Provided records START

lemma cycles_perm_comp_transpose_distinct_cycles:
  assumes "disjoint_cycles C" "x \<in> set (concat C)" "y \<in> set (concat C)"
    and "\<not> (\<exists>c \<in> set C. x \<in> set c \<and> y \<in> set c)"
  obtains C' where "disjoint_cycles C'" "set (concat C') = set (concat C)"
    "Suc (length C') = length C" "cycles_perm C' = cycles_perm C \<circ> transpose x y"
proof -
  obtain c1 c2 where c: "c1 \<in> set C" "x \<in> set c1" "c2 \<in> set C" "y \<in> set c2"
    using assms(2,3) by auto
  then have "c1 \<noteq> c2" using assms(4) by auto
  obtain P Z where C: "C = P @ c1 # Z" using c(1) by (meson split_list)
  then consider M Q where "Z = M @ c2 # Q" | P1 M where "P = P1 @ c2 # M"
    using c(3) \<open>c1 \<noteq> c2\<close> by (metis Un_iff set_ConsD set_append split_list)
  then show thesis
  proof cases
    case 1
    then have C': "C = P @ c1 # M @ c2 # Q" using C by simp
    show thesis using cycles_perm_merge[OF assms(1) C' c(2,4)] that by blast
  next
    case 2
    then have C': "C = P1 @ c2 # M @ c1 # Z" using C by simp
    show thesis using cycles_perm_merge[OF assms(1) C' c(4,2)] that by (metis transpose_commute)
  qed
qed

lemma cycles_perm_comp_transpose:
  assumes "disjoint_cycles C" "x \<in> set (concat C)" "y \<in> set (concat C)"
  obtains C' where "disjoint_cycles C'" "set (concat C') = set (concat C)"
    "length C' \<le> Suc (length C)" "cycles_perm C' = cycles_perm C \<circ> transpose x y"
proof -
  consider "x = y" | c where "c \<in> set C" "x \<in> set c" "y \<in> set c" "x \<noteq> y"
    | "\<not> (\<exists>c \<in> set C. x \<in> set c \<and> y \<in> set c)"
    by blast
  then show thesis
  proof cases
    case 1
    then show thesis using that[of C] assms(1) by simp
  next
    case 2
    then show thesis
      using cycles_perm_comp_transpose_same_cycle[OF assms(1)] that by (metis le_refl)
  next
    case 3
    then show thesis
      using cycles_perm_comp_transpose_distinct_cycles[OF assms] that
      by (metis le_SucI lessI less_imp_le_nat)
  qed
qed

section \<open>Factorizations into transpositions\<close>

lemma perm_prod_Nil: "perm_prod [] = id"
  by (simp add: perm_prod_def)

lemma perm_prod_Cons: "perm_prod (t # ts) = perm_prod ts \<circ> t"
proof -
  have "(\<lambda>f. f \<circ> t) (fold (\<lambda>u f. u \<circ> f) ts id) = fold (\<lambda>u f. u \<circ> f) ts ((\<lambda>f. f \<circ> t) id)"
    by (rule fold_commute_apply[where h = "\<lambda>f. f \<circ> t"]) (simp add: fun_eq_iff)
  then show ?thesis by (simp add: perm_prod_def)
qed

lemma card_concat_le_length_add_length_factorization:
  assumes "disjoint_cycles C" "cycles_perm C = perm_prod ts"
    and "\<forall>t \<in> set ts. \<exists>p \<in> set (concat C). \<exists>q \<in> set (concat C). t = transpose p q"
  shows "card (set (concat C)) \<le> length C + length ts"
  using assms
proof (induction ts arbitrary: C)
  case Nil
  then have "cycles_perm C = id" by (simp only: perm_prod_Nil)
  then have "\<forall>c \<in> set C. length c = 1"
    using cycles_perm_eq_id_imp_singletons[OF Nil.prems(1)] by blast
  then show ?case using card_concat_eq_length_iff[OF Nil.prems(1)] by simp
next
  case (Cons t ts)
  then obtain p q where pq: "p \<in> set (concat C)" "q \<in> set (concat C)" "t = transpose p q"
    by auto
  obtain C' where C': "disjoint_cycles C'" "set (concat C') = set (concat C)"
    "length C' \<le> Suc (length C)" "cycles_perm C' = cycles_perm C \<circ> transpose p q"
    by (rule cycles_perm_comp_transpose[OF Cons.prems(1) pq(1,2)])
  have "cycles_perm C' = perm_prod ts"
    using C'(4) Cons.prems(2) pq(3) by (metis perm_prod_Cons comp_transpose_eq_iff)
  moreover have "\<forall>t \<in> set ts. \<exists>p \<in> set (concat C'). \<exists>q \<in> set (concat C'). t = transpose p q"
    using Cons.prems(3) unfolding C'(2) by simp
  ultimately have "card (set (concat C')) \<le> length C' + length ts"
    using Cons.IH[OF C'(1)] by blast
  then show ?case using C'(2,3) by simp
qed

Provided records END

• **Your assignment**:
I'd like every record written out exactly as given.

• **Completed task**:
lemma cycles_perm_comp_transpose_distinct_cycles:
  assumes "disjoint_cycles C" "x \<in> set (concat C)" "y \<in> set (concat C)"
    and "\<not> (\<exists>c \<in> set C. x \<in> set c \<and> y \<in> set c)"
  obtains C' where "disjoint_cycles C'" "set (concat C') = set (concat C)"
    "Suc (length C') = length C" "cycles_perm C' = cycles_perm C \<circ> transpose x y"
proof -
  obtain c1 c2 where c: "c1 \<in> set C" "x \<in> set c1" "c2 \<in> set C" "y \<in> set c2"
    using assms(2,3) by auto
  then have "c1 \<noteq> c2" using assms(4) by auto
  obtain P Z where C: "C = P @ c1 # Z" using c(1) by (meson split_list)
  then consider M Q where "Z = M @ c2 # Q" | P1 M where "P = P1 @ c2 # M"
    using c(3) \<open>c1 \<noteq> c2\<close> by (metis Un_iff set_ConsD set_append split_list)
  then show thesis
  proof cases
    case 1
    then have C': "C = P @ c1 # M @ c2 # Q" using C by simp
    show thesis using cycles_perm_merge[OF assms(1) C' c(2,4)] that by blast
  next
    case 2
    then have C': "C = P1 @ c2 # M @ c1 # Z" using C by simp
    show thesis using cycles_perm_merge[OF assms(1) C' c(4,2)] that by (metis transpose_commute)
  qed
qed

lemma cycles_perm_comp_transpose:
  assumes "disjoint_cycles C" "x \<in> set (concat C)" "y \<in> set (concat C)"
  obtains C' where "disjoint_cycles C'" "set (concat C') = set (concat C)"
    "length C' \<le> Suc (length C)" "cycles_perm C' = cycles_perm C \<circ> transpose x y"
proof -
  consider "x = y" | c where "c \<in> set C" "x \<in> set c" "y \<in> set c" "x \<noteq> y"
    | "\<not> (\<exists>c \<in> set C. x \<in> set c \<and> y \<in> set c)"
    by blast
  then show thesis
  proof cases
    case 1
    then show thesis using that[of C] assms(1) by simp
  next
    case 2
    then show thesis
      using cycles_perm_comp_transpose_same_cycle[OF assms(1)] that by (metis le_refl)
  next
    case 3
    then show thesis
      using cycles_perm_comp_transpose_distinct_cycles[OF assms] that
      by (metis le_SucI lessI less_imp_le_nat)
  qed
qed

section \<open>Factorizations into transpositions\<close>

lemma perm_prod_Nil: "perm_prod [] = id"
  by (simp add: perm_prod_def)

lemma perm_prod_Cons: "perm_prod (t # ts) = perm_prod ts \<circ> t"
proof -
  have "(\<lambda>f. f \<circ> t) (fold (\<lambda>u f. u \<circ> f) ts id) = fold (\<lambda>u f. u \<circ> f) ts ((\<lambda>f. f \<circ> t) id)"
    by (rule fold_commute_apply[where h = "\<lambda>f. f \<circ> t"]) (simp add: fun_eq_iff)
  then show ?thesis by (simp add: perm_prod_def)
qed

lemma card_concat_le_length_add_length_factorization:
  assumes "disjoint_cycles C" "cycles_perm C = perm_prod ts"
    and "\<forall>t \<in> set ts. \<exists>p \<in> set (concat C). \<exists>q \<in> set (concat C). t = transpose p q"
  shows "card (set (concat C)) \<le> length C + length ts"
  using assms
proof (induction ts arbitrary: C)
  case Nil
  then have "cycles_perm C = id" by (simp only: perm_prod_Nil)
  then have "\<forall>c \<in> set C. length c = 1"
    using cycles_perm_eq_id_imp_singletons[OF Nil.prems(1)] by blast
  then show ?case using card_concat_eq_length_iff[OF Nil.prems(1)] by simp
next
  case (Cons t ts)
  then obtain p q where pq: "p \<in> set (concat C)" "q \<in> set (concat C)" "t = transpose p q"
    by auto
  obtain C' where C': "disjoint_cycles C'" "set (concat C') = set (concat C)"
    "length C' \<le> Suc (length C)" "cycles_perm C' = cycles_perm C \<circ> transpose p q"
    by (rule cycles_perm_comp_transpose[OF Cons.prems(1) pq(1,2)])
  have "cycles_perm C' = perm_prod ts"
    using C'(4) Cons.prems(2) pq(3) by (metis perm_prod_Cons comp_transpose_eq_iff)
  moreover have "\<forall>t \<in> set ts. \<exists>p \<in> set (concat C'). \<exists>q \<in> set (concat C'). t = transpose p q"
    using Cons.prems(3) unfolding C'(2) by simp
  ultimately have "card (set (concat C')) \<le> length C' + length ts"
    using Cons.IH[OF C'(1)] by blast
  then show ?case using C'(2,3) by simp
qed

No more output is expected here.